Lesson 1System configuration and plumbing: degassing, autosampler, column switching and dwell volume impactThis lesson reviews main system parts and piping that affect method work, including removing air bubbles, autosampler setup, pipe sizes, and column changing. It stresses controlling dwell volume and extra-column spreading.
Ways to remove air and stop bubblesAutosampler design and preventing carryoverPipe inner diameter, length, and spreading effectsColumn switching valves and arrangementsMeasuring and fixing dwell volumeLesson 2Selecting stationary phase: C18 chemistries, pore size, particle size, endcapping, hybrid vs silicaThis lesson details picking reversed-phase stationary phases, focusing on C18 types, pore and particle sizes, endcapping, and hybrid versus pure silica. It highlights matching phase chemistry to sample properties and method aims.

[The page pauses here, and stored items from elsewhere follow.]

(* Let $A\in\mathbb{C}^{m\times n}$ and let $A^{(1)}\in\mathbb{C}^{n\times m}$ satisfy $AA^{(1)}A=A$. Then the following are equivalent: (1) $A^{\mathfrak{m}}$ exists; (2) $A^{\sim}A+I_n-A^{(1)}A$ is nonsingular; (3) $AA^{\sim}+I_m-AA^{(1)}$ is nonsingular. In this case, $$A^{\mathfrak{m}}=\left(A(A^{\sim}A+I_n-A^{(1)}A)^{-1}\right)^{\sim}=\left((AA^{\sim}+I_m-AA^{(1)})^{-1}A\right)^{\sim}.$$
   Context: For a positive integer $k$, the Minkowski metric matrix of order $k$ is $G_k=\mathrm{diag}(1,-I_{k-1})$ (with $G_1=(1)$). For $M\in\mathbb{C}^{p\times q}$, the Minkowski adjoint is $M^{\sim}=G_qM^*G_p$, where $M^*$ is the conjugate transpose. The Minkowski inverse of $A\in\mathbb{C}^{m\times n}$, denoted $A^{\mathfrak{m}}$, is a matrix $X\in\mathbb{C}^{n\times m}$ with $AXA=A$, $XAX=X$, $(AX)^{\sim}=AX$, $(XA)^{\sim}=XA$ (unique if it exists). *)

theory Defs
  imports "Jordan_Normal_Form.Gauss_Jordan_Elimination"
begin

definition minkowski_G :: "nat \<Rightarrow> complex mat" where
  "minkowski_G k = mat k k (\<lambda>(i,j). if i = j then (if i = 0 then 1 else -1) else 0)"

definition conj_trans :: "complex mat \<Rightarrow> complex mat" where
  "conj_trans M = mat (dim_col M) (dim_row M) (\<lambda>(i,j). cnj (M $$ (j,i)))"

definition mink_adj :: "complex mat \<Rightarrow> complex mat" where
  "mink_adj M = minkowski_G (dim_col M) * conj_trans M * minkowski_G (dim_row M)"

definition is_mink_inverse :: "complex mat \<Rightarrow> complex mat \<Rightarrow> bool" where
  "is_mink_inverse A X \<longleftrightarrow> X \<in> carrier_mat (dim_col A) (dim_row A) \<and>
     A * X * A = A \<and> X * A * X = X \<and>
     mink_adj (A * X) = A * X \<and> mink_adj (X * A) = X * A"

end

theory Submission
  imports Defs "Jordan_Normal_Form.Determinant"
begin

C18 bonding density and ligand typeEndcapped versus non-endcapped phasesPore size for small molecules versus peptidesHybrid silica versus traditional silica phasesChoosing particle size for performance needsLesson 3Practical constraints for pharmaceutical labs: sample throughput, robustness, and solvent compatibilityThis lesson tackles real-life limits in medicine labs, including sample processing speed, sturdiness, solvent matching, and method lifespan. It connects rules to practical method and instrument choices in Ghana.

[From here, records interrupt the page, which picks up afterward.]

section \<open>Covariant observables\<close>

lemma covariant_observable_expectation:
  assumes G: "group G" "subgroup H G"
    and M: "observable (lcosets\<^bsub>G\<^esub> H) M" "covariant G H U M"
    and e: "cinner e e = 1" "\<And>g. g \<in> carrier G \<Longrightarrow> phase_eigenvector (U g) e"
    and x: "x \<in> lcosets\<^bsub>G\<^esub> H"
  shows "cinner e (M x *v e) = 1 / of_nat (card (lcosets\<^bsub>G\<^esub> H))"
proof -
  have "\<one>\<^bsub>G\<^esub> <#\<^bsub>G\<^esub> H = H"
    using group.lcos_mult_one[OF G(1) subgroup.subset[OF G(2)]] .
  then have H_coset: "H \<in> lcosets\<^bsub>G\<^esub> H"
    unfolding LCOSETS_def using group.is_monoid[OF G(1)] monoid.one_closed by blast
  have expectation_constant: "cinner e (M y *v e) = cinner e (M H *v e)"
    if y: "y \<in> lcosets\<^bsub>G\<^esub> H" for y
  proof -
    obtain g where g: "g \<in> carrier G" "y = g <#\<^bsub>G\<^esub> H"
      using y unfolding LCOSETS_def by blast
    then have "M y = U g ** M H ** adj (U g)"
      using M(2) H_coset unfolding covariant_def by simp
    then show ?thesis using phase_eigenvector_conj_expectation[OF e(2)[OF g(1)]] by simp
  qed
  have "1 = cinner e ((\<Sum>y\<in>lcosets\<^bsub>G\<^esub> H. M y) *v e)"
    using M(1) e(1) by (simp add: observable_def)
  also have "\<dots> = of_nat (card (lcosets\<^bsub>G\<^esub> H)) * cinner e (M H *v e)"
    by (simp add: cinner_sum_right expectation_constant)
  finally have "of_nat (card (lcosets\<^bsub>G\<^esub> H)) * cinner e (M H *v e) = 1" ..
  then show ?thesis
    using expectation_constant[OF x] by (auto simp: eq_divide_eq mult.commute)
qed

definition outer :: "complex^'n \<Rightarrow> complex^'n^'n" where
  "outer e = (\<chi> i j. e$i * cnj (e$j))"

lemma outer_mult_vector: "outer e *v v = cinner e v *s e"
  by (simp add: outer_def cinner_def matrix_vector_mult_def vec_eq_iff sum_distrib_left mult_ac)

lemma trace_outer_mult: "trace (outer e ** A) = cinner e (A *v e)"
proof -
  have "trace (outer e ** A) = (\<Sum>i\<in>UNIV. \<Sum>j\<in>UNIV. e$i * cnj (e$j) * A$j$i)"
    by (simp add: trace_def outer_def matrix_matrix_mult_def)
  also have "\<dots> = (\<Sum>j\<in>UNIV. \<Sum>i\<in>UNIV. e$i * cnj (e$j) * A$j$i)" by (rule sum.swap)
  also have "\<dots> = cinner e (A *v e)"
    by (simp add: cinner_def matrix_vector_mult_def sum_distrib_left mult_ac)
  finally show ?thesis .
qed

Balancing run time and separation clarityMethod sturdiness and toughness studiesSolvent matching with samples and sealsReducing solvent use and waste handlingRule expectations for daily methodsLesson 4Principles of reversed-phase HPLC and retention mechanismsThis lesson introduces main ideas of reversed-phase HPLC, including water-hating interactions, sharing, and mobile phase role. It links retention ways to practical choices in method building.
Water-hating interactions and sharingRole of organic changer in retentionEffect of sample polarity and logPInfluence of temperature on retentionCharged samples in reversed-phase HPLCLesson 5Detector selection and wavelength optimization for UV detection: spectra scanning, diode-array use, sensitivity trade-offsThis lesson covers UV detector picking and wavelength fine-tuning, including fixed, variable, and diode-array types. It explains scanning spectra, checking peak purity, and balancing sensitivity with choice and noise.

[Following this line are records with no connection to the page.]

(* For every integer $r\geq 2$, $$\sum_{M\geq1}g_r(M)z^M=\frac{z}{1-2z}\cdot\frac{(1-z)^{r-1}-z^{r-1}}{(1-z)^{r-1}-z^r}.$$
   Context: The perimeter of a nonempty partition $\lambda$ with largest part $\lambda_1$ and $\ell(\lambda)$ parts is $\lambda_1+\ell(\lambda)-1$. For $r\geq2$, $g_r(M)$ is the number of partitions with perimeter $M$ none of whose parts is divisible by $r$. *)

theory Defs
  imports "HOL-Computational_Algebra.Formal_Power_Series"
begin

definition is_partition :: "nat list \<Rightarrow> bool" where
  "is_partition xs \<longleftrightarrow> xs \<noteq> [] \<and> sorted_wrt (\<ge>) xs \<and> (\<forall>x\<in>set xs. 0 < x)"

definition perimeter :: "nat list \<Rightarrow> nat" where
  "perimeter xs = Max (set xs) + length xs - 1"

definition g :: "nat \<Rightarrow> nat \<Rightarrow> nat" where
  "g r M = card {xs. is_partition xs \<and> (\<forall>x\<in>set xs. \<not> r dvd x) \<and> perimeter xs = M}"

end

theory Submission
  imports Defs "HOL-Library.Multiset"
begin

text \<open>A partition with largest part \<open>a\<close> and perimeter \<open>M\<close> is \<open>a\<close> followed by a weakly
  decreasing sequence of \<open>M - a\<close> parts taken from the \<open>c a\<close> non-multiples of \<open>r\<close> in
  \<open>[1, a]\<close>, i.e. by a multiset of that size. Hence the generating function is the sum of
  \<open>X^a / (1 - X)^(c a)\<close> over all \<open>a\<close> not divisible by \<open>r\<close>. Since
  \<open>c a = (a div r) (r - 1) + a mod r\<close>, the term for \<open>a\<close> is \<open>u^(a div r) w^(a mod r)\<close> with
  \<open>u = X^r / (1 - X)^(r - 1)\<close> and \<open>w = X / (1 - X)\<close>, so the series equals
  \<open>(w + \<dots> + w^(r - 1)) / (1 - u)\<close>, which simplifies to the claimed rational function.\<close>

definition desc_lists :: "'a::linorder set \<Rightarrow> nat \<Rightarrow> 'a list set" where
  "desc_lists A n = {ys. length ys = n \<and> set ys \<subseteq> A \<and> sorted_wrt (\<ge>) ys}"

lemma finite_desc_lists:
  assumes "finite A"
  shows "finite (desc_lists A n)"
proof (rule finite_subset)
  show "desc_lists A n \<subseteq> {xs. set xs \<subseteq> A \<and> length xs = n}"
    by (auto simp: desc_lists_def)
  show "finite {xs. set xs \<subseteq> A \<and> length xs = n}"
    using assms by (rule finite_lists_length_eq)
qed

lemma bij_betw_mset_desc_lists: "bij_betw mset (desc_lists A n) (multisets_of_size A n)"
proof (rule bij_betw_imageI)
  show "inj_on mset (desc_lists A n)"
  proof (rule inj_onI)
    fix xs ys assume "xs \<in> desc_lists A n" "ys \<in> desc_lists A n" "mset xs = mset ys"
    then have "sort (rev xs) = rev ys" "sort (rev xs) = rev xs"
      by (auto simp: desc_lists_def sorted_wrt_rev intro: properties_for_sort sorted_sort_id)
    then show "xs = ys" by simp
  qed
  have "N \<in> mset ` desc_lists A n" if "N \<in> multisets_of_size A n" for N
  proof
    show "N = mset (rev (sorted_list_of_multiset N))" by simp
    show "rev (sorted_list_of_multiset N) \<in> desc_lists A n"
      using that by (auto simp: desc_lists_def multisets_of_size_def sorted_wrt_rev
          simp flip: size_mset)
  qed
  then show "mset ` desc_lists A n = multisets_of_size A n"
    by (auto simp: desc_lists_def multisets_of_size_def)
qed

lemma card_desc_lists:
  assumes "finite A"
  shows "card (desc_lists A n) = (card A + n - 1) choose n"
  using bij_betw_same_card[OF bij_betw_mset_desc_lists] card_multisets_of_size[OF assms]
  by metis

definition non_multiples :: "nat \<Rightarrow> nat \<Rightarrow> nat set" where
  "non_multiples r a = {x \<in> {1..a}. \<not> r dvd x}"

lemma finite_non_multiples: "finite (non_multiples r a)"
  by (simp add: non_multiples_def)

lemma non_multiples_Suc:
  "non_multiples r (Suc a) =
     (if r dvd Suc a then non_multiples r a else insert (Suc a) (non_multiples r a))"
  by (auto simp: non_multiples_def le_Suc_eq)

lemma card_multiples_upto:
  assumes "r > 0"
  shows "card {x \<in> {1..a}. r dvd x} = a div r"
proof -
  have "{x \<in> {1..a}. r dvd x} = (\<lambda>k. r * k) ` {1..a div r}"
  proof (intro equalityI subsetI)
    fix x assume "x \<in> {x \<in> {1..a}. r dvd x}"
    then obtain k where "x = r * k" "1 \<le> r * k" "r * k \<le> a" by auto
    moreover from this assms have "k \<in> {1..a div r}"
      by (auto simp: less_eq_div_iff_mult_less_eq mult.commute intro: Nat.gr0I)
    ultimately show "x \<in> (\<lambda>k. r * k) ` {1..a div r}" by blast
  next
    fix x assume "x \<in> (\<lambda>k. r * k) ` {1..a div r}"
    then show "x \<in> {x \<in> {1..a}. r dvd x}"
      using assms by (auto simp: less_eq_div_iff_mult_less_eq mult.commute)
  qed
  also have "card \<dots> = a div r"
    using assms by (simp add: card_image inj_on_def)
  finally show ?thesis .
qed

lemma card_non_multiples:
  assumes "r > 0"
  shows "card (non_multiples r a) = a div r * (r - 1) + a mod r"
proof -
  have "card (non_multiples r a) = card ({1..a} - {x \<in> {1..a}. r dvd x})"
    by (auto simp: non_multiples_def intro: arg_cong[where f = card])
  also have "\<dots> = a - a div r"
    using card_multiples_upto[OF assms] by (subst card_Diff_subset) auto
  also have "a - a div r = a div r * (r - 1) + a mod r"
  proof -
    have "r = Suc (r - 1)" using assms by simp
    then have "a div r * r = a div r * (r - 1) + a div r" by (metis mult_Suc_right add.commute)
    then have "a = a div r * (r - 1) + a div r + a mod r" by (metis div_mult_mod_eq)
    then show ?thesis by linarith
  qed
  finally show ?thesis .
qed

lemma avoiding_partitions_perimeter_eq:
  "{xs. is_partition xs \<and> (\<forall>x\<in>set xs. \<not> r dvd x) \<and> perimeter xs = M}
   = (\<Union>a\<in>non_multiples r M. (#) a ` desc_lists (non_multiples r a) (M - a))"
proof (intro equalityI subsetI)
  fix xs assume "xs \<in> {xs. is_partition xs \<and> (\<forall>x\<in>set xs. \<not> r dvd x) \<and> perimeter xs = M}"
  then have p: "is_partition xs" and nd: "\<forall>x\<in>set xs. \<not> r dvd x" and pm: "perimeter xs = M"
    by auto
  from p obtain a ys where xs: "xs = a # ys"
    unfolding is_partition_def by (cases xs) auto
  have ys: "\<forall>y\<in>set ys. 0 < y \<and> y \<le> a" "sorted_wrt (\<ge>) ys" and "0 < a"
    using p unfolding is_partition_def xs by auto
  have "Max (set xs) = a"
    using ys(1) unfolding xs by (auto intro: Max_eqI)
  then have "M = a + length ys"
    using pm unfolding perimeter_def xs by simp
  then have "ys \<in> desc_lists (non_multiples r a) (M - a)" "a \<in> non_multiples r M"
    using ys nd \<open>0 < a\<close> unfolding xs desc_lists_def non_multiples_def by auto
  then show "xs \<in> (\<Union>a\<in>non_multiples r M. (#) a ` desc_lists (non_multiples r a) (M - a))"
    unfolding xs by blast
next
  fix xs assume "xs \<in> (\<Union>a\<in>non_multiples r M. (#) a ` desc_lists (non_multiples r a) (M - a))"
  then obtain a ys where a: "a \<in> non_multiples r M"
    and ys: "ys \<in> desc_lists (non_multiples r a) (M - a)" and xs: "xs = a # ys"
    by blast
  have ys': "\<forall>y\<in>set ys. 0 < y \<and> y \<le> a \<and> \<not> r dvd y" "sorted_wrt (\<ge>) ys" "length ys = M - a"
    using ys unfolding desc_lists_def non_multiples_def by auto
  have "Max (set xs) = a"
    using ys'(1) unfolding xs by (auto intro: Max_eqI)
  then show "xs \<in> {xs. is_partition xs \<and> (\<forall>x\<in>set xs. \<not> r dvd x) \<and> perimeter xs = M}"
    using ys' a unfolding is_partition_def perimeter_def xs non_multiples_def by auto
qed

lemma g_eq_sum_choose:
  "g r M = (\<Sum>a\<in>non_multiples r M. (card (non_multiples r a) + (M - a) - 1) choose (M - a))"
proof -
  have "g r M = card (\<Union>a\<in>non_multiples r M. (#) a ` desc_lists (non_multiples r a) (M - a))"
    unfolding g_def avoiding_partitions_perimeter_eq ..
  also have "\<dots> = (\<Sum>a\<in>non_multiples r M. card ((#) a ` desc_lists (non_multiples r a) (M - a)))"
    by (rule card_UN_disjoint) (auto intro: finite_desc_lists finite_non_multiples)
  also have "\<dots> = (\<Sum>a\<in>non_multiples r M. card (desc_lists (non_multiples r a) (M - a)))"
    by (rule sum.cong) (auto intro!: card_image inj_onI)
  also have "\<dots> = (\<Sum>a\<in>non_multiples r M. (card (non_multiples r a) + (M - a) - 1) choose (M - a))"
    by (simp add: card_desc_lists finite_non_multiples)
  finally show ?thesis .
qed

lemma fps_nth_inverse_one_minus_X_power:
  "fps_nth (inverse (1 - fps_X :: 'a::field fps) ^ k) n = of_nat ((k + n - 1) choose n)"
proof (cases k)
  case 0
  then show ?thesis by (cases n) (auto simp: binomial_eq_0)
next
  case (Suc m)
  have "fps_nth (inverse (1 - fps_X :: 'a fps) ^ Suc m) n = of_nat ((m + n) choose n)" for n
  proof (induction m arbitrary: n)
    case 0
    then show ?case by (simp add: fps_inverse_one_minus_fps_X)
  next
    case (Suc m)
    have "fps_nth (inverse (1 - fps_X :: 'a fps) ^ Suc (Suc m)) n
        = (\<Sum>i=0..n. fps_nth (inverse (1 - fps_X :: 'a fps) ^ Suc m) i)"
      by (simp only: power_Suc2 fps_mult_nth fps_inverse_one_minus_fps_X) simp
    also have "\<dots> = of_nat (\<Sum>i\<le>n. (m + i) choose i)"
      unfolding Suc.IH atLeast0AtMost of_nat_sum ..
    also have "\<dots> = of_nat ((Suc m + n) choose n)"
      by (subst sum_choose_lower) simp
    finally show ?case .
  qed
  then show ?thesis using Suc by simp
qed

definition largest_part_gf :: "nat \<Rightarrow> nat \<Rightarrow> rat fps" where
  "largest_part_gf r a = fps_X ^ a * inverse (1 - fps_X) ^ card (non_multiples r a)"

definition truncated_gf :: "nat \<Rightarrow> nat \<Rightarrow> rat fps" where
  "truncated_gf r N = (\<Sum>a\<in>non_multiples r N. largest_part_gf r a)"

definition perimeter_gf :: "nat \<Rightarrow> rat fps" where
  "perimeter_gf r = Abs_fps (\<lambda>M. if M = 0 then 0 else of_nat (g r M))"

lemma fps_nth_largest_part_gf:
  "fps_nth (largest_part_gf r a) j =
     (if j < a then 0 else of_nat ((card (non_multiples r a) + (j - a) - 1) choose (j - a)))"
  unfolding largest_part_gf_def by (simp add: fps_X_power_mult_nth fps_nth_inverse_one_minus_X_power)

lemma fps_nth_truncated_gf:
  assumes "j \<le> N"
  shows "fps_nth (truncated_gf r N) j = fps_nth (perimeter_gf r) j"
proof -
  let ?c = "\<lambda>a. of_nat ((card (non_multiples r a) + (j - a) - 1) choose (j - a)) :: rat"
  have "fps_nth (truncated_gf r N) j = (\<Sum>a\<in>non_multiples r N. fps_nth (largest_part_gf r a) j)"
    by (simp add: truncated_gf_def fps_sum_nth)
  also have "\<dots> = (\<Sum>a\<in>non_multiples r j. fps_nth (largest_part_gf r a) j)"
    using assms by (intro sum.mono_neutral_right finite_non_multiples)
      (auto simp: non_multiples_def fps_nth_largest_part_gf)
  also have "\<dots> = sum ?c (non_multiples r j)"
    by (intro sum.cong) (auto simp: non_multiples_def fps_nth_largest_part_gf)
  also have "\<dots> = fps_nth (perimeter_gf r) j"
    by (simp add: perimeter_gf_def g_eq_sum_choose non_multiples_def)
  finally show ?thesis .
qed

lemma largest_part_gf_eq:
  assumes "r > 0"
  shows "largest_part_gf r a =
    (fps_X ^ r * inverse (1 - fps_X) ^ (r - 1)) ^ (a div r) * (fps_X * inverse (1 - fps_X)) ^ (a mod r)"
proof -
  have "largest_part_gf r a = fps_X ^ (r * (a div r) + a mod r) *
      inverse (1 - fps_X) ^ ((r - 1) * (a div r) + a mod r)"
    unfolding largest_part_gf_def card_non_multiples[OF assms] by (simp add: mult.commute)
  then show ?thesis
    by (simp only: power_add power_mult power_mult_distrib mult_ac)
qed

Fixed versus variable versus diode-array detectorsPicking λmax from UV spectraBandpass, noise, and sensitivity balancesPeak purity check with DAD spectraLinear range and detector saturation limitsLesson 6Gradient vs isocratic choices: when to use each, gradient slope, dwell volume considerationsThis lesson compares steady and changing elution, explaining when each fits. It covers gradient shape design, slope and run time, dwell volume effects, and tips for strong gradient moving between HPLC systems.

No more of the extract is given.